3. Bei dem auf § 101 BetrVG gestützten Antrag des Betriebsrats handelt es sich um einen Leistungsantrag, für den kein besonderes Rechtsschutzinteresse erforderlich ist (Senatsbeschluß vom 20. November 1990 - 1 ABR 87/89 - zur Veröffentlichung in der Fachpresse vorgesehen). Dieses folgt allein daraus, daß der Arbeitgeber dem Verlangen des Betriebsrats, die Arbeitnehmerin H. in die Gehaltsgruppe K IV umzugruppieren, bislang nicht nachgekommen ist.

II. Der Antrag ist nicht begründet.
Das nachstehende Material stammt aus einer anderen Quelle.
(* Let $k\ge 2$ and let $G$ be a $\Gamma_{\times k,t}$-external graph with $\delta(G)\ge k$. Then for every graph $H$ with $\delta(H)\ge k$, \[ \Gamma_{\times k,t}(G\,\Box\,H)\ge\Gamma_{\times k,t}(G)\cdot\Gamma_{\times k,t}(H). \]
   Context: A set $S\subseteq V(G)$ is a $k$-tuple total dominating set ($k$TDS) of a graph $G$ with $\delta(G)\ge k$ if $|N_G(x)\cap S|\ge k$ for every $x\in V(G)$. The upper $k$-tuple total domination number $\Gamma_{\times k,t}(G)$ is the maximum cardinality of a minimal (with respect to inclusion) $k$TDS of $G$; a minimal $k$TDS of this cardinality is a $\Gamma_{\times k,t}$-set. For $v\in S$, a vertex $v'$ is a $k$-open private neighbor of $v$ with respect to $S$ if $v\in N_G(v')$ and $|N_G(v')\cap S|=k$; it is external if $v'\notin S$. A graph $G$ is $\Gamma_{\times k,t}$-external if it has a $\Gamma_{\times k,t}$-set $S$ such that every vertex of $S$ has an external $k$-open private neighbor with respect to $S$. The Cartesian product $G\,\Box\,H$ has vertex set $V(G)\times V(H)$, with $(g_1,h_1)\sim(g_2,h_2)$ iff either $g_1=g_2$ and $h_1h_2\in E(H)$, or $h_1=h_2$ and $g_1g_2\in E(G)$. *)

theory Defs
  imports Main
begin

definition simple_graph :: "'a set \<Rightarrow> ('a \<Rightarrow> 'a \<Rightarrow> bool) \<Rightarrow> bool" where
  "simple_graph V E \<longleftrightarrow> finite V \<and> (\<forall>x y. E x y \<longrightarrow> x \<in> V \<and> y \<in> V)
     \<and> (\<forall>x y. E x y \<longrightarrow> E y x) \<and> (\<forall>x. \<not> E x x)"

definition nbhd :: "'a set \<Rightarrow> ('a \<Rightarrow> 'a \<Rightarrow> bool) \<Rightarrow> 'a \<Rightarrow> 'a set" where
  "nbhd V E x = {y \<in> V. E x y}"

definition min_degree_ge :: "'a set \<Rightarrow> ('a \<Rightarrow> 'a \<Rightarrow> bool) \<Rightarrow> nat \<Rightarrow> bool" where
  "min_degree_ge V E k \<longleftrightarrow> (\<forall>x\<in>V. k \<le> card (nbhd V E x))"

definition is_kTDS :: "'a set \<Rightarrow> ('a \<Rightarrow> 'a \<Rightarrow> bool) \<Rightarrow> nat \<Rightarrow> 'a set \<Rightarrow> bool" where
  "is_kTDS V E k S \<longleftrightarrow> S \<subseteq> V \<and> (\<forall>x\<in>V. k \<le> card (nbhd V E x \<inter> S))"

definition minimal_kTDS :: "'a set \<Rightarrow> ('a \<Rightarrow> 'a \<Rightarrow> bool) \<Rightarrow> nat \<Rightarrow> 'a set \<Rightarrow> bool" where
  "minimal_kTDS V E k S \<longleftrightarrow> is_kTDS V E k S \<and> (\<forall>T. T \<subset> S \<longrightarrow> \<not> is_kTDS V E k T)"

definition upper_ktdn :: "'a set \<Rightarrow> ('a \<Rightarrow> 'a \<Rightarrow> bool) \<Rightarrow> nat \<Rightarrow> nat" where
  "upper_ktdn V E k = Max {card S | S. minimal_kTDS V E k S}"

definition Gamma_kt_set :: "'a set \<Rightarrow> ('a \<Rightarrow> 'a \<Rightarrow> bool) \<Rightarrow> nat \<Rightarrow> 'a set \<Rightarrow> bool" where
  "Gamma_kt_set V E k S \<longleftrightarrow> minimal_kTDS V E k S \<and> card S = upper_ktdn V E k"

definition k_open_private_nbr ::
  "'a set \<Rightarrow> ('a \<Rightarrow> 'a \<Rightarrow> bool) \<Rightarrow> nat \<Rightarrow> 'a set \<Rightarrow> 'a \<Rightarrow> 'a \<Rightarrow> bool" where
  "k_open_private_nbr V E k S v v' \<longleftrightarrow>
     v' \<in> V \<and> v \<in> nbhd V E v' \<and> card (nbhd V E v' \<inter> S) = k"

definition Gamma_kt_external :: "'a set \<Rightarrow> ('a \<Rightarrow> 'a \<Rightarrow> bool) \<Rightarrow> nat \<Rightarrow> bool" where
  "Gamma_kt_external V E k \<longleftrightarrow> (\<exists>S. Gamma_kt_set V E k S \<and>
     (\<forall>v\<in>S. \<exists>v'. v' \<notin> S \<and> k_open_private_nbr V E k S v v'))"

definition cart_edges :: "('a \<Rightarrow> 'a \<Rightarrow> bool) \<Rightarrow> ('b \<Rightarrow> 'b \<Rightarrow> bool) \<Rightarrow> ('a \<times> 'b) \<Rightarrow> ('a \<times> 'b) \<Rightarrow> bool" where
  "cart_edges EG EH p q \<longleftrightarrow>
     (fst p = fst q \<and> EH (snd p) (snd q)) \<or> (snd p = snd q \<and> EG (fst p) (fst q))"

end

theory Submission
  imports Defs
begin

text \<open>If S is a \<Gamma>-set of G in which every vertex v has an external k-open private
neighbour v', then S \<times> V(H) is a minimal kTDS of G \<box> H: every vertex (g, h) sees
S \<times> V(H) at least through its G-layer, and (v', h) sees it only through its G-layer
(its H-neighbours (v', y) lie outside S \<times> V(H)), so (v', h) is a k-open private
neighbour of (v, h); a kTDS all of whose vertices have k-open private
neighbours is minimal. Hence \<Gamma>(G \<box> H) \<ge> |S| |V(H)| = \<Gamma>(G) |V(H)| \<ge> \<Gamma>(G) \<Gamma>(H).\<close>

lemma minimal_kTDS_subset:
  "minimal_kTDS V E k S \<Longrightarrow> S \<subseteq> V"
  unfolding minimal_kTDS_def is_kTDS_def by blast

lemma is_kTDS_vertex_set:
  "min_degree_ge V E k \<Longrightarrow> is_kTDS V E k V"
  unfolding min_degree_ge_def is_kTDS_def nbhd_def by (auto simp: Int_absorb2)

lemma minimal_kTDS_exists:
  assumes "finite V" and "min_degree_ge V E k"
  obtains S where "minimal_kTDS V E k S"
proof -
  obtain S where S: "is_kTDS V E k S" and least: "\<And>T. is_kTDS V E k T \<Longrightarrow> card S \<le> card T"
    using ex_has_least_nat[of "is_kTDS V E k" V card] is_kTDS_vertex_set[OF assms(2)] by blast
  have "finite S"
    using S assms(1) unfolding is_kTDS_def by (blast intro: finite_subset)
  then have "minimal_kTDS V E k S"
    using S least unfolding minimal_kTDS_def by (meson leD psubset_card_mono)
  then show thesis by (rule that)
qed

lemma finite_minimal_kTDS_cards:
  assumes "finite V"
  shows "finite {card S | S. minimal_kTDS V E k S}"
proof (rule finite_subset)
  show "{card S | S. minimal_kTDS V E k S} \<subseteq> {..card V}"
    using assms by (auto dest: minimal_kTDS_subset intro: card_mono)
qed simp

lemma card_le_upper_ktdn:
  "finite V \<Longrightarrow> minimal_kTDS V E k S \<Longrightarrow> card S \<le> upper_ktdn V E k"
  unfolding upper_ktdn_def by (rule Max_ge) (auto intro: finite_minimal_kTDS_cards)

lemma upper_ktdn_le_card:
  assumes "finite V" and "min_degree_ge V E k"
  shows "upper_ktdn V E k \<le> card V"
proof -
  obtain S where "minimal_kTDS V E k S"
    using minimal_kTDS_exists[OF assms] .
  then show ?thesis
    unfolding upper_ktdn_def using assms(1)
    by (subst Max_le_iff) (auto intro: finite_minimal_kTDS_cards card_mono dest: minimal_kTDS_subset)
qed

lemma minimal_kTDS_if_private_nbrs:
  assumes "finite V" and kTDS: "is_kTDS V E k S"
    and private_nbrs: "\<And>v. v \<in> S \<Longrightarrow> \<exists>v'. k_open_private_nbr V E k S v v'"
  shows "minimal_kTDS V E k S"
  unfolding minimal_kTDS_def
proof (intro conjI allI impI kTDS)
  fix T assume "T \<subset> S"
  then obtain v where v: "v \<in> S" "v \<notin> T" by blast
  then obtain v' where v'V: "v' \<in> V" and v_nbr: "v \<in> nbhd V E v'"
      and card_k: "card (nbhd V E v' \<inter> S) = k"
    using private_nbrs unfolding k_open_private_nbr_def by blast
  have fin: "finite (nbhd V E v' \<inter> S)"
    using \<open>finite V\<close> unfolding nbhd_def by simp
  have "card (nbhd V E v' \<inter> T) \<le> card (nbhd V E v' \<inter> S - {v})"
    using \<open>T \<subset> S\<close> v fin by (intro card_mono) auto
  also have "\<dots> < k"
    using card_Diff1_less[OF fin] card_k v v_nbr by blast
  finally show "\<not> is_kTDS V E k T"
    using v'V unfolding is_kTDS_def by (meson leD)
qed

lemma nbhd_cart_edges_inter_layer:
  assumes "g \<notin> S" and "h \<in> VH"
  shows "nbhd (VG \<times> VH) (cart_edges EG EH) (g, h) \<inter> (S \<times> VH)
           = (\<lambda>x. (x, h)) ` (nbhd VG EG g \<inter> S)"
  using assms unfolding nbhd_def cart_edges_def by auto

lemma is_kTDS_cart_layer:
  assumes "is_kTDS VG EG k S" and "finite VG" and "finite VH"
  shows "is_kTDS (VG \<times> VH) (cart_edges EG EH) k (S \<times> VH)"
  unfolding is_kTDS_def
proof (intro conjI ballI)
  show "S \<times> VH \<subseteq> VG \<times> VH"
    using assms(1) unfolding is_kTDS_def by blast
next
  fix p assume "p \<in> VG \<times> VH"
  then obtain g h where p: "p = (g, h)" "g \<in> VG" "h \<in> VH" by blast
  have "k \<le> card (nbhd VG EG g \<inter> S)"
    using assms(1) p unfolding is_kTDS_def by blast
  also have "\<dots> = card ((\<lambda>x. (x, h)) ` (nbhd VG EG g \<inter> S))"
    by (rule card_image[symmetric]) (auto simp: inj_on_def)
  also have "\<dots> \<le> card (nbhd (VG \<times> VH) (cart_edges EG EH) p \<inter> (S \<times> VH))"
    using p assms(2,3) unfolding nbhd_def cart_edges_def by (intro card_mono) auto
  finally show "k \<le> card (nbhd (VG \<times> VH) (cart_edges EG EH) p \<inter> (S \<times> VH))" .
qed

lemma k_open_private_nbr_cart_layer:
  assumes "v' \<notin> S" and "k_open_private_nbr VG EG k S v v'" and "h \<in> VH"
  shows "k_open_private_nbr (VG \<times> VH) (cart_edges EG EH) k (S \<times> VH) (v, h) (v', h)"
proof -
  have "card (nbhd (VG \<times> VH) (cart_edges EG EH) (v', h) \<inter> (S \<times> VH))
          = card (nbhd VG EG v' \<inter> S)"
    unfolding nbhd_cart_edges_inter_layer[OF assms(1,3)]
    by (rule card_image) (auto simp: inj_on_def)
  then show ?thesis
    using assms unfolding k_open_private_nbr_def nbhd_def cart_edges_def by auto
qed

lemma minimal_kTDS_cart_layer:
  assumes "is_kTDS VG EG k S" and "finite VG" and "finite VH"
    and "\<And>v. v \<in> S \<Longrightarrow> \<exists>v'. v' \<notin> S \<and> k_open_private_nbr VG EG k S v v'"
  shows "minimal_kTDS (VG \<times> VH) (cart_edges EG EH) k (S \<times> VH)"
  using assms
  by (intro minimal_kTDS_if_private_nbrs is_kTDS_cart_layer)
     (blast intro: k_open_private_nbr_cart_layer)+

theorem mainTheorem11:
  fixes VG :: "'a set" and EG :: "'a \<Rightarrow> 'a \<Rightarrow> bool"
    and VH :: "'b set" and EH :: "'b \<Rightarrow> 'b \<Rightarrow> bool" and k :: nat
  assumes "2 \<le> k"
    and "simple_graph VG EG" and "min_degree_ge VG EG k" and "Gamma_kt_external VG EG k"
    and "simple_graph VH EH" and "min_degree_ge VH EH k"
  shows "upper_ktdn (VG \<times> VH) (cart_edges EG EH) k \<ge> upper_ktdn VG EG k * upper_ktdn VH EH k"
proof -
  have finG: "finite VG" and finH: "finite VH"
    using assms(2,5) unfolding simple_graph_def by auto
  obtain S where S: "Gamma_kt_set VG EG k S"
    and ext: "\<forall>v\<in>S. \<exists>v'. v' \<notin> S \<and> k_open_private_nbr VG EG k S v v'"
    using assms(4) unfolding Gamma_kt_external_def by blast
  have "is_kTDS VG EG k S" and card_S: "card S = upper_ktdn VG EG k"
    using S unfolding Gamma_kt_set_def minimal_kTDS_def by auto
  then have "minimal_kTDS (VG \<times> VH) (cart_edges EG EH) k (S \<times> VH)"
    using finG finH ext by (intro minimal_kTDS_cart_layer) auto
  then have "card (S \<times> VH) \<le> upper_ktdn (VG \<times> VH) (cart_edges EG EH) k"
    using finG finH by (intro card_le_upper_ktdn) simp_all
  moreover have "upper_ktdn VH EH k \<le> card VH"
    using finH assms(6) by (rule upper_ktdn_le_card)
  ultimately show ?thesis
    unfolding card_cartesian_product card_S by (meson le_trans mult_le_mono2)
qed

end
Zu Recht hat das Landesarbeitsgericht angenommen, der Betriebsrat könne nicht die Umgruppierung der Arbeitnehmerin H. in die Gehaltsgruppe K IV verlangen.

1. Nach § 101 Satz 1 BetrVG kann der Betriebsrat, wenn der Arbeitgeber eine personelle Maßnahme im Sinne des § 99 Abs. 1 Satz 1 BetrVG ohne Zustimmung des Betriebsrats durchführt, beim Arbeitsgericht beantragen, dem Arbeitgeber aufzugeben, die personelle Maßnahme aufzuheben.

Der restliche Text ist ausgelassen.